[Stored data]
'''

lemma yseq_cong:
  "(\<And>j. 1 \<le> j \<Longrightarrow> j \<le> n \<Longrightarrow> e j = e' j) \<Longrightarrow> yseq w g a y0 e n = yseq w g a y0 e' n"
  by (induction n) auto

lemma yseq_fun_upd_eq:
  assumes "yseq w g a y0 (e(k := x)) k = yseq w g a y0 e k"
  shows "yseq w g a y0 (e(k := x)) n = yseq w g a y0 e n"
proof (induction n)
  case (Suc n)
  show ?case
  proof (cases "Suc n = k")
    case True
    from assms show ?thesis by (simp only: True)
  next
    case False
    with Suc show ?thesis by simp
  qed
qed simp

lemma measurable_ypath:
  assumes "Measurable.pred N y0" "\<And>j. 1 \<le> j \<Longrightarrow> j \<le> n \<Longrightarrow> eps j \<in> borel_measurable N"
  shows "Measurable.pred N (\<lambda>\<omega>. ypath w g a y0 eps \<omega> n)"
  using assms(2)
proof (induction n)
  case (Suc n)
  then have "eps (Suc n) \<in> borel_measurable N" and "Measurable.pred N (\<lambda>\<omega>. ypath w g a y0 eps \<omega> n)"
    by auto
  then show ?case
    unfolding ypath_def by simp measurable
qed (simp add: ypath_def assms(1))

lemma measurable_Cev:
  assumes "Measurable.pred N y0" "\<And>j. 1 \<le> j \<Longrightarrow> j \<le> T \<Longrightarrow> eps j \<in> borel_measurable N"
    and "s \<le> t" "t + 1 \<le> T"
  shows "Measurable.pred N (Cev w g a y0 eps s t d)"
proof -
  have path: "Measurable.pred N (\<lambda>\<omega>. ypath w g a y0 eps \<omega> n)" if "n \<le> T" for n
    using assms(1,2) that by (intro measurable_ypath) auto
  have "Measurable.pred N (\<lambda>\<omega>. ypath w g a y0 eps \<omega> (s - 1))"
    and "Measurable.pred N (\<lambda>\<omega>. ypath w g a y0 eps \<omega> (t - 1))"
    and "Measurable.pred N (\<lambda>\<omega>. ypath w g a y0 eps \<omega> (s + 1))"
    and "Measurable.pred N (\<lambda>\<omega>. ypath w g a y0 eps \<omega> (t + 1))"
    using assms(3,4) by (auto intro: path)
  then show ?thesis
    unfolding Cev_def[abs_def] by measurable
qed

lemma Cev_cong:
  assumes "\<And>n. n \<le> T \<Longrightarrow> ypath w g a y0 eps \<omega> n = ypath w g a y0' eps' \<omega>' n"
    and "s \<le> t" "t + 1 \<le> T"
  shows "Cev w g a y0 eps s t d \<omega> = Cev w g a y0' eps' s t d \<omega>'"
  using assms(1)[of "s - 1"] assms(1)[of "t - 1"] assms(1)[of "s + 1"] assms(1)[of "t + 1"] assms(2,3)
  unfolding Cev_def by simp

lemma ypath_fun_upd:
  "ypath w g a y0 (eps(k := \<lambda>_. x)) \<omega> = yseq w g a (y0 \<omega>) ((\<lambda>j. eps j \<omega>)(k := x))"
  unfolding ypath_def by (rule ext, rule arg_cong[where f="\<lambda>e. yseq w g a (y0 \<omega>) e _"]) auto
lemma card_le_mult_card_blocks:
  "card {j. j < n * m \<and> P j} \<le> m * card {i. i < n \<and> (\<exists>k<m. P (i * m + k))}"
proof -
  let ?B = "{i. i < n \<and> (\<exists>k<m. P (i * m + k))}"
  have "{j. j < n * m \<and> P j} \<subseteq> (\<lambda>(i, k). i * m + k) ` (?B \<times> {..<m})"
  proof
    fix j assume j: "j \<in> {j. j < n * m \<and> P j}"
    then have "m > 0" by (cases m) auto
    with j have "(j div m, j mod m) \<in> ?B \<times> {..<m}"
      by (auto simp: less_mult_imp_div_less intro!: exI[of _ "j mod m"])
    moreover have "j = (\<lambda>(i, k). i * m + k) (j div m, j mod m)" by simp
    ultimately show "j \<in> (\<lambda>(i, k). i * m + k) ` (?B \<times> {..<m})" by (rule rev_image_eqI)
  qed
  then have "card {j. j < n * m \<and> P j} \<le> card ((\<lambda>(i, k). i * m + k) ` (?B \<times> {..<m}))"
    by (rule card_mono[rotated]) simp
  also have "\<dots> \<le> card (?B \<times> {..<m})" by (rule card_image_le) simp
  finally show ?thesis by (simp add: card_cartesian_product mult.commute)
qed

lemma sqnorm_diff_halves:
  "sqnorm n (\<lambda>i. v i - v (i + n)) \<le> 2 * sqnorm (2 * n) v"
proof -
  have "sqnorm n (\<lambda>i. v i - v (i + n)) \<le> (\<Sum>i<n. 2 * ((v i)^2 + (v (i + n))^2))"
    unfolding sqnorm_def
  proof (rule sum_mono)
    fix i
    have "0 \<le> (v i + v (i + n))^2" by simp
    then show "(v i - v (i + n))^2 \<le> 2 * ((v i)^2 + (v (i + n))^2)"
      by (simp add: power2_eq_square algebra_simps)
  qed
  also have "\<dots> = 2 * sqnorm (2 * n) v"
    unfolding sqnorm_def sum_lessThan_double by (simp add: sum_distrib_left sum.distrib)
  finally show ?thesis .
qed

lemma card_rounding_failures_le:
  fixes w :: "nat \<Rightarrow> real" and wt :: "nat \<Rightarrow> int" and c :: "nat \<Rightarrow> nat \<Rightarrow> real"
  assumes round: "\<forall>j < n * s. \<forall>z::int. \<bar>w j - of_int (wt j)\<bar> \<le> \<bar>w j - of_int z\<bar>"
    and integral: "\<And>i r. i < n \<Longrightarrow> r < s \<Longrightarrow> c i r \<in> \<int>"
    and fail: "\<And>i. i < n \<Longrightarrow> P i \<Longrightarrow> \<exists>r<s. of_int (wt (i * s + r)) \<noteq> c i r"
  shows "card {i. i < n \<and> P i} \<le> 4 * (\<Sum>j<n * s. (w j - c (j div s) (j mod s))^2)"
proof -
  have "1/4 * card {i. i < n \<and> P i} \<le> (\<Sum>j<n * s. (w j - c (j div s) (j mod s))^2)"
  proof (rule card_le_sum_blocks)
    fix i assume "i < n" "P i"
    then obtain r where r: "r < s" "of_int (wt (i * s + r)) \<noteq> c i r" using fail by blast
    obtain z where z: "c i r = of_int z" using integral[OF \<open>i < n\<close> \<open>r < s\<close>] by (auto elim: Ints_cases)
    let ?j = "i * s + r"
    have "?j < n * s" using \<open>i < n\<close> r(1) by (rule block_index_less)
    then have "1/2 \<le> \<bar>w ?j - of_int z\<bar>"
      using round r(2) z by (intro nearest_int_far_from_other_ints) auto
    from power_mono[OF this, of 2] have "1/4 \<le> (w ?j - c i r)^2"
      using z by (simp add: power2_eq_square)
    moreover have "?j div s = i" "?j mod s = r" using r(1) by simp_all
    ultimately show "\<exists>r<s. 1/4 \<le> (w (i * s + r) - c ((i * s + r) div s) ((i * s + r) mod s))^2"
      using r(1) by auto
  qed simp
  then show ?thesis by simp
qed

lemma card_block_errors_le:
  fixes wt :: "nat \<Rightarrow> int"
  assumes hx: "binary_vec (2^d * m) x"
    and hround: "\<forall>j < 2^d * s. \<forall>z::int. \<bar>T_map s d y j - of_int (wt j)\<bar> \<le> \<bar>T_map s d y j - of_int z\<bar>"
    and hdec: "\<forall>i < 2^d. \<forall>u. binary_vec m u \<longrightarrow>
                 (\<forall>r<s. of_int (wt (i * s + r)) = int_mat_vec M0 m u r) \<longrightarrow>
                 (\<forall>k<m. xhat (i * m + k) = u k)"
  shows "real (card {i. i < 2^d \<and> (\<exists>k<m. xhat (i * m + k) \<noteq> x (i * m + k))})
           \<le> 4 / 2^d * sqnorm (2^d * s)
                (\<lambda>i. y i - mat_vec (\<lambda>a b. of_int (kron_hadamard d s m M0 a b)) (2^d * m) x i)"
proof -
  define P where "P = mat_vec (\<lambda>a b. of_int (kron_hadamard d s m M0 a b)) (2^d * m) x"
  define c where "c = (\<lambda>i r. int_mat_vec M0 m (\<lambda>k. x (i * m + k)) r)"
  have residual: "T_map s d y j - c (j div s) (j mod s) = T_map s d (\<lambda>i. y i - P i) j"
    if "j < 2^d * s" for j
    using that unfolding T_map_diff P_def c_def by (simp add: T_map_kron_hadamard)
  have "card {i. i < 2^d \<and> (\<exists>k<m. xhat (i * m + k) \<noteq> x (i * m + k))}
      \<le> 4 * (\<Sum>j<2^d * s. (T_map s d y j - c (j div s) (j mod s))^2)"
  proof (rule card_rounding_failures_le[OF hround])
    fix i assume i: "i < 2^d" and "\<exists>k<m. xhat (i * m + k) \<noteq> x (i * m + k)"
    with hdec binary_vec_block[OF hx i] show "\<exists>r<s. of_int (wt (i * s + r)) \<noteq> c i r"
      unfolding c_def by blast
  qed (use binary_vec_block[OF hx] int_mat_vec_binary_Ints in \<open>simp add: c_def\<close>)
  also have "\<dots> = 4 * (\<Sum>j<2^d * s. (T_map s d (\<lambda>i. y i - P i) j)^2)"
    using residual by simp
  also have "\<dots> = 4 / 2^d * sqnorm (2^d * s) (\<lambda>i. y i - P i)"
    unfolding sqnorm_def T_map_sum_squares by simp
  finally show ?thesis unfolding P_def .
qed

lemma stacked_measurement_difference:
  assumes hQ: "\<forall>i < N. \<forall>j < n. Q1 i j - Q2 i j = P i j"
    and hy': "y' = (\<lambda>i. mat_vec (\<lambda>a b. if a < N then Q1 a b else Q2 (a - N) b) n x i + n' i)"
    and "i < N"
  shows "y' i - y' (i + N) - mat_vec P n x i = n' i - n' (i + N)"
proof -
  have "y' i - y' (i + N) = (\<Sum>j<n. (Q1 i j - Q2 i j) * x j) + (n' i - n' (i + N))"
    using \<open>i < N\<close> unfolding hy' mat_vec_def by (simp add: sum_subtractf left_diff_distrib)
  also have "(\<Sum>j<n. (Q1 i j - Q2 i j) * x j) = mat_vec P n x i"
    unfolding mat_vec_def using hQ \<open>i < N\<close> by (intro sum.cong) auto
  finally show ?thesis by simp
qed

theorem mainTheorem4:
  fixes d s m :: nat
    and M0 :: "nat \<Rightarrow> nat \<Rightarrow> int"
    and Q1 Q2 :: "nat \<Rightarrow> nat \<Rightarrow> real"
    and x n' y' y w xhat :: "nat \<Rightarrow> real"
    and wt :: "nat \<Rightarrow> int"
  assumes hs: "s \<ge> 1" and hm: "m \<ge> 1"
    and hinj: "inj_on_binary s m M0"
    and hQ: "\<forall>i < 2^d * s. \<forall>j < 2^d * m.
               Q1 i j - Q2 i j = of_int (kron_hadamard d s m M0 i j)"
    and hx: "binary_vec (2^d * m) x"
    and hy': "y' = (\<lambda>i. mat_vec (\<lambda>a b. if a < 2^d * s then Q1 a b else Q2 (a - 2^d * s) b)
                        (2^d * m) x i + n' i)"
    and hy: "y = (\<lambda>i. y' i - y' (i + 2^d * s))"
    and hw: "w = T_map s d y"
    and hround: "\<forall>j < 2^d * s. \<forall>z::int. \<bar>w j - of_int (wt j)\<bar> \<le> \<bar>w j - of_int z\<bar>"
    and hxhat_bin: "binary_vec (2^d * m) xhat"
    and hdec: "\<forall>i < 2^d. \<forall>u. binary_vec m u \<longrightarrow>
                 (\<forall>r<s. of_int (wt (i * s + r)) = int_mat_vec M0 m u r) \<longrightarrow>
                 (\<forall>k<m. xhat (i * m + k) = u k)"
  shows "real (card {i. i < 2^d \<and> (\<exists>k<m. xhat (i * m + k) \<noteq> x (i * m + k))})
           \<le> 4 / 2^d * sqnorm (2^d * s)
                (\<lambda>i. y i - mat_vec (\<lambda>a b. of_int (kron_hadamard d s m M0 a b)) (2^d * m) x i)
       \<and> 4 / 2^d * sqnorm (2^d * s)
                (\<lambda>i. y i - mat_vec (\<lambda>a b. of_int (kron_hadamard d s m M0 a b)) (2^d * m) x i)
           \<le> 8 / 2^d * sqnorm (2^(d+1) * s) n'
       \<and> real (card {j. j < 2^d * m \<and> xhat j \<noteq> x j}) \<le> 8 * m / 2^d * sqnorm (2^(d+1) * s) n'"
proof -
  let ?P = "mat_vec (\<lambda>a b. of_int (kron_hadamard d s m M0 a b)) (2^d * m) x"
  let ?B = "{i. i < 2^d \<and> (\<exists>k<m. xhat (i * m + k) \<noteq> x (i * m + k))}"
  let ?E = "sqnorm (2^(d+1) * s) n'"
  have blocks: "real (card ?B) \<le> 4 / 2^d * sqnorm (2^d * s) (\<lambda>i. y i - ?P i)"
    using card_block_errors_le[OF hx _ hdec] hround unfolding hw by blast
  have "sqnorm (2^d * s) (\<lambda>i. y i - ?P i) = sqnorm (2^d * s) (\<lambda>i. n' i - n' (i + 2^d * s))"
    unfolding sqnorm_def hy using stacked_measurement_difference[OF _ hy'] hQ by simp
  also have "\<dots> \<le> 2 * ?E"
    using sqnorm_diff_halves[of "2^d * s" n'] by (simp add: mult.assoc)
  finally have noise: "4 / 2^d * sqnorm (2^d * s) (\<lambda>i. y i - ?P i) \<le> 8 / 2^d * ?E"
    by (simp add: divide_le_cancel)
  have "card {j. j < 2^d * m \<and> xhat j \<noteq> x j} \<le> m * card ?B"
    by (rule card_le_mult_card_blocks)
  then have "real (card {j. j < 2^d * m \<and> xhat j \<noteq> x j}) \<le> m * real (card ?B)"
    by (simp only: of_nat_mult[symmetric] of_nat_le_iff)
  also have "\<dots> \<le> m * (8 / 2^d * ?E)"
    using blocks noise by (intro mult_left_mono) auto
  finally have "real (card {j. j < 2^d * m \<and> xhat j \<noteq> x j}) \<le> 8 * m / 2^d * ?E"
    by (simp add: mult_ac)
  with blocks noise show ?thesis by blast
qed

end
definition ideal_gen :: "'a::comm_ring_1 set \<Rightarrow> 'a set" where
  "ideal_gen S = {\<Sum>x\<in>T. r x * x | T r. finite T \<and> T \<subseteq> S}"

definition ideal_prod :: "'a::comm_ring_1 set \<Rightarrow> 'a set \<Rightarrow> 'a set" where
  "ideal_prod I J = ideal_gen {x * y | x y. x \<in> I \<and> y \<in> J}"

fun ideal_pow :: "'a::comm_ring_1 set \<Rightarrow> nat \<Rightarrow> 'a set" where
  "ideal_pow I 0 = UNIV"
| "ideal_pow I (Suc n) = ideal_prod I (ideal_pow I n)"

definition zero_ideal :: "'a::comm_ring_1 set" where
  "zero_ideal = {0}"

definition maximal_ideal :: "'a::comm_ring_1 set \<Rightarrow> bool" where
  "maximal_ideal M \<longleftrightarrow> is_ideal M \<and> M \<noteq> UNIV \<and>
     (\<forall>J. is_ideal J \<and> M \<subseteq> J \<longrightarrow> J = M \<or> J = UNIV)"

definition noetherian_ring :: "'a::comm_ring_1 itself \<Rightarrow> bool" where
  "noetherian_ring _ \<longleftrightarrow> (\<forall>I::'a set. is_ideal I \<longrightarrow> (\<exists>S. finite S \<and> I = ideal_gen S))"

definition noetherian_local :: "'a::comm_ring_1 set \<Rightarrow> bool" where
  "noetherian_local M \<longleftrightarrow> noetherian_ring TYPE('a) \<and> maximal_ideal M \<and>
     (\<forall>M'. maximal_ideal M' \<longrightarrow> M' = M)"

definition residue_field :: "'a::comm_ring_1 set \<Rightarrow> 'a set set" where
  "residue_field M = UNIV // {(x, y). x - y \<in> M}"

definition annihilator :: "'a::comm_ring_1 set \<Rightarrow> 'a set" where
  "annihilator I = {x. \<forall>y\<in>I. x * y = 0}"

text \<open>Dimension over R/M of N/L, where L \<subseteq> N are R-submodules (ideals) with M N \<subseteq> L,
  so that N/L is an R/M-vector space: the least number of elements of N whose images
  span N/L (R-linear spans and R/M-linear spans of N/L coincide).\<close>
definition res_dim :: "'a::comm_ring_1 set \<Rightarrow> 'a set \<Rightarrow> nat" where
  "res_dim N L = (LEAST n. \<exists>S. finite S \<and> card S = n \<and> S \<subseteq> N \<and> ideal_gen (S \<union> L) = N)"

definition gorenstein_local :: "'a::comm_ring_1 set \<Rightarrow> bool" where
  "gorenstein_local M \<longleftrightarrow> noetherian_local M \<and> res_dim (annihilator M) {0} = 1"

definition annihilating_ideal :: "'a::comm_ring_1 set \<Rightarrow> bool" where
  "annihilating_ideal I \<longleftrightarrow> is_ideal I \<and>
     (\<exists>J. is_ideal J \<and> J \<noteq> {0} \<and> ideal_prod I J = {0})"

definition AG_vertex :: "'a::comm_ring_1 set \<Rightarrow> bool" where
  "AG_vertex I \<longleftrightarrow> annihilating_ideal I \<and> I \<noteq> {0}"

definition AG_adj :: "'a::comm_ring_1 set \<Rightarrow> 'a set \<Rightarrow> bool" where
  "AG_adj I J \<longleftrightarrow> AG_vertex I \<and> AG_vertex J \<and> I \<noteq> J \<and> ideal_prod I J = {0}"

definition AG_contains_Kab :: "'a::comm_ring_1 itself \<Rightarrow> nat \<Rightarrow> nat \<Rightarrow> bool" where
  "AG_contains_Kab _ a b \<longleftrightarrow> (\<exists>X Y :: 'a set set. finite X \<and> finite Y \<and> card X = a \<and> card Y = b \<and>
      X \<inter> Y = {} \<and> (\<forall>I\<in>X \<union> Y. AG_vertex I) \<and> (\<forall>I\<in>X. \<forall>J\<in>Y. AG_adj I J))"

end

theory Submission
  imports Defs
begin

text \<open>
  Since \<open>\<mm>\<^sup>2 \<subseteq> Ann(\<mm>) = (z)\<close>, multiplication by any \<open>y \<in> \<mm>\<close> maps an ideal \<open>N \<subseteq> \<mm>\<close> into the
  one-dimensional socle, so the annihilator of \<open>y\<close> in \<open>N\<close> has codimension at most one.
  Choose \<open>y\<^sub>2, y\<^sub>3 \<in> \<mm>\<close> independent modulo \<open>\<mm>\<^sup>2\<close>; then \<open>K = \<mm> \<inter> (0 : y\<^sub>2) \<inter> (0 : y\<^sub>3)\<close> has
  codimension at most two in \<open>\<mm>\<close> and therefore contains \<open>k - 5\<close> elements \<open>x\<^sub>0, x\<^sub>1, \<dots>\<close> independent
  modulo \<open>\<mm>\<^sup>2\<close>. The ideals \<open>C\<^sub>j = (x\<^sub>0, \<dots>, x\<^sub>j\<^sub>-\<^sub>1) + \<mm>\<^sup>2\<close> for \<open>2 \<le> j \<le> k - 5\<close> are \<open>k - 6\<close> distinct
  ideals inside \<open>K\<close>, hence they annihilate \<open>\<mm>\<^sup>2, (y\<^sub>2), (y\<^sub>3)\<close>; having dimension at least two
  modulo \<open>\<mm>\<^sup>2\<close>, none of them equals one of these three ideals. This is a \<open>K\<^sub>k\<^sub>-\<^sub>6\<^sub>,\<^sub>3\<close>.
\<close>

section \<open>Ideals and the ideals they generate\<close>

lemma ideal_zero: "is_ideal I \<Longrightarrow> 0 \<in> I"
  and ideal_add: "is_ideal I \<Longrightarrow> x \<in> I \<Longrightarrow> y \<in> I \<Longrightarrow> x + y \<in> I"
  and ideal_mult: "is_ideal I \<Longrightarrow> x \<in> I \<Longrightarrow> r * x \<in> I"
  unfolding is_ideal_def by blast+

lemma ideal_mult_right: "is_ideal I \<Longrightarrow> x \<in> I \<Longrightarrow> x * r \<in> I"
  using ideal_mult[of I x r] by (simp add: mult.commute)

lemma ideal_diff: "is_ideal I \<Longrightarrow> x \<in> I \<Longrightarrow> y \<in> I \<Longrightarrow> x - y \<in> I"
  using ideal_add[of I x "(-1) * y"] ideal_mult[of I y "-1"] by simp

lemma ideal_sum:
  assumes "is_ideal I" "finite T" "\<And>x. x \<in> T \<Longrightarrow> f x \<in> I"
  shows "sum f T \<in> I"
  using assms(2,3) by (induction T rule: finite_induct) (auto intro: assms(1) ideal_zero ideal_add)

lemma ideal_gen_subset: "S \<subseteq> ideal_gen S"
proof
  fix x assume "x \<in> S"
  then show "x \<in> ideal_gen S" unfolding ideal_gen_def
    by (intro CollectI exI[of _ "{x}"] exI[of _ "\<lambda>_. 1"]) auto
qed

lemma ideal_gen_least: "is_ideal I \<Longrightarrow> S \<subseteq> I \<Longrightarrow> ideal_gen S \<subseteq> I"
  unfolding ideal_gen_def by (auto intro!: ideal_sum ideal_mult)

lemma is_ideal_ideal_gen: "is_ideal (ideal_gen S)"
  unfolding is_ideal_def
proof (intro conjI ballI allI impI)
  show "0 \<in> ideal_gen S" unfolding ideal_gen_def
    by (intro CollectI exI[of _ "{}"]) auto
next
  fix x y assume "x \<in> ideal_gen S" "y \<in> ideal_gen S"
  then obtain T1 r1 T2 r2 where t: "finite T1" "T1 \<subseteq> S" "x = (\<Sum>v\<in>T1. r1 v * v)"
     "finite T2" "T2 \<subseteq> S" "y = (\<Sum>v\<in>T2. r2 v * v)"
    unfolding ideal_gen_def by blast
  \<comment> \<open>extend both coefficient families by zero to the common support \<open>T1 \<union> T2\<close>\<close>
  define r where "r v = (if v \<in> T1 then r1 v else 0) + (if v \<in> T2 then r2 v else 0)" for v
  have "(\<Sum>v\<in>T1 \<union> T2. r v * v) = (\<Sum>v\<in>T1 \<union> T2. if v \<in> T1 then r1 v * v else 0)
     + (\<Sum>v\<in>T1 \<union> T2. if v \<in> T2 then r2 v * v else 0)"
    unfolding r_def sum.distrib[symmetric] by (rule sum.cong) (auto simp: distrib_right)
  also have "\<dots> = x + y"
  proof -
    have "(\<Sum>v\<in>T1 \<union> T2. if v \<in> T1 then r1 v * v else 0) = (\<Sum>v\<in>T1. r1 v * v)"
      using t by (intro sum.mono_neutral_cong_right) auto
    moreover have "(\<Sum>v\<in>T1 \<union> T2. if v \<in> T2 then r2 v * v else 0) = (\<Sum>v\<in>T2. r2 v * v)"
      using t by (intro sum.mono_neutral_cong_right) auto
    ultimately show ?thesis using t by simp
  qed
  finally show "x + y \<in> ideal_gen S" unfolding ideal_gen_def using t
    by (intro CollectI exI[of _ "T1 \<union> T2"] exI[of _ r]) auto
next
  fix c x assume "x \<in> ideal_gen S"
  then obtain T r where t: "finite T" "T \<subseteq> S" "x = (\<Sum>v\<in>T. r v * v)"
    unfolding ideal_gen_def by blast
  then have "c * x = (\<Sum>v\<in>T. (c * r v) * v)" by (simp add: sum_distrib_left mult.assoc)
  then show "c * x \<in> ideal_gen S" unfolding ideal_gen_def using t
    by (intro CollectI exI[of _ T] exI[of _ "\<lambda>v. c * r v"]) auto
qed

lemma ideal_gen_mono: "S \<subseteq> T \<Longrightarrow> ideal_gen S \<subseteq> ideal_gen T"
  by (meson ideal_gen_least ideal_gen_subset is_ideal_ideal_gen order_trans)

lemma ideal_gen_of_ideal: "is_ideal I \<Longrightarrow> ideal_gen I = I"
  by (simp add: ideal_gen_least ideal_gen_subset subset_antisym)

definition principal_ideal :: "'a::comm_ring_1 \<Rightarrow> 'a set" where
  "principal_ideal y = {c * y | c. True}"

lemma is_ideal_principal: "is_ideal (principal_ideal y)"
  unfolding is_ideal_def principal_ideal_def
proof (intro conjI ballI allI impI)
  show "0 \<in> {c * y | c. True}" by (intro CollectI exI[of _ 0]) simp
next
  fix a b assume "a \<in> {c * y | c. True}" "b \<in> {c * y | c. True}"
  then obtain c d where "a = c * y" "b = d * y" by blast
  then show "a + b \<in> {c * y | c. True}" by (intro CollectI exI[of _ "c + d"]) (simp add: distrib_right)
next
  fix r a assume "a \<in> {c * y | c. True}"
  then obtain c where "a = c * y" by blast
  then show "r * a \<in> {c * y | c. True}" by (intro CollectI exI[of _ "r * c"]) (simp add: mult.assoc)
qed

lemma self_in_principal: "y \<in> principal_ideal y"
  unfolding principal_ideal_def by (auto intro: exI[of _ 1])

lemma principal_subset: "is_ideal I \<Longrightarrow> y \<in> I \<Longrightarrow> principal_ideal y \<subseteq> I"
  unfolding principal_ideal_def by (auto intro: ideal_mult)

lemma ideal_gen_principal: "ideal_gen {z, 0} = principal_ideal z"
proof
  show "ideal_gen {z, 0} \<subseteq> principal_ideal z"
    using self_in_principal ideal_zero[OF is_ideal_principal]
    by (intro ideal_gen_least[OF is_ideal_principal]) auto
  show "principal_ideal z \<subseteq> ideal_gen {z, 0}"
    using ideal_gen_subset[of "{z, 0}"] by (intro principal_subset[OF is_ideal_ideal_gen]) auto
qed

'''

> _Task prompt_:
Scan the data above; copy every line where "elements" appears.

> _Response to this task_:
  so that N/L is an R/M-vector space: the least number of elements of N whose images
  codimension at most two in \<open>\<mm>\<close> and therefore contains \<open>k - 5\<close> elements \<open>x\<^sub>0, x\<^sub>1, \<dots>\<close> independent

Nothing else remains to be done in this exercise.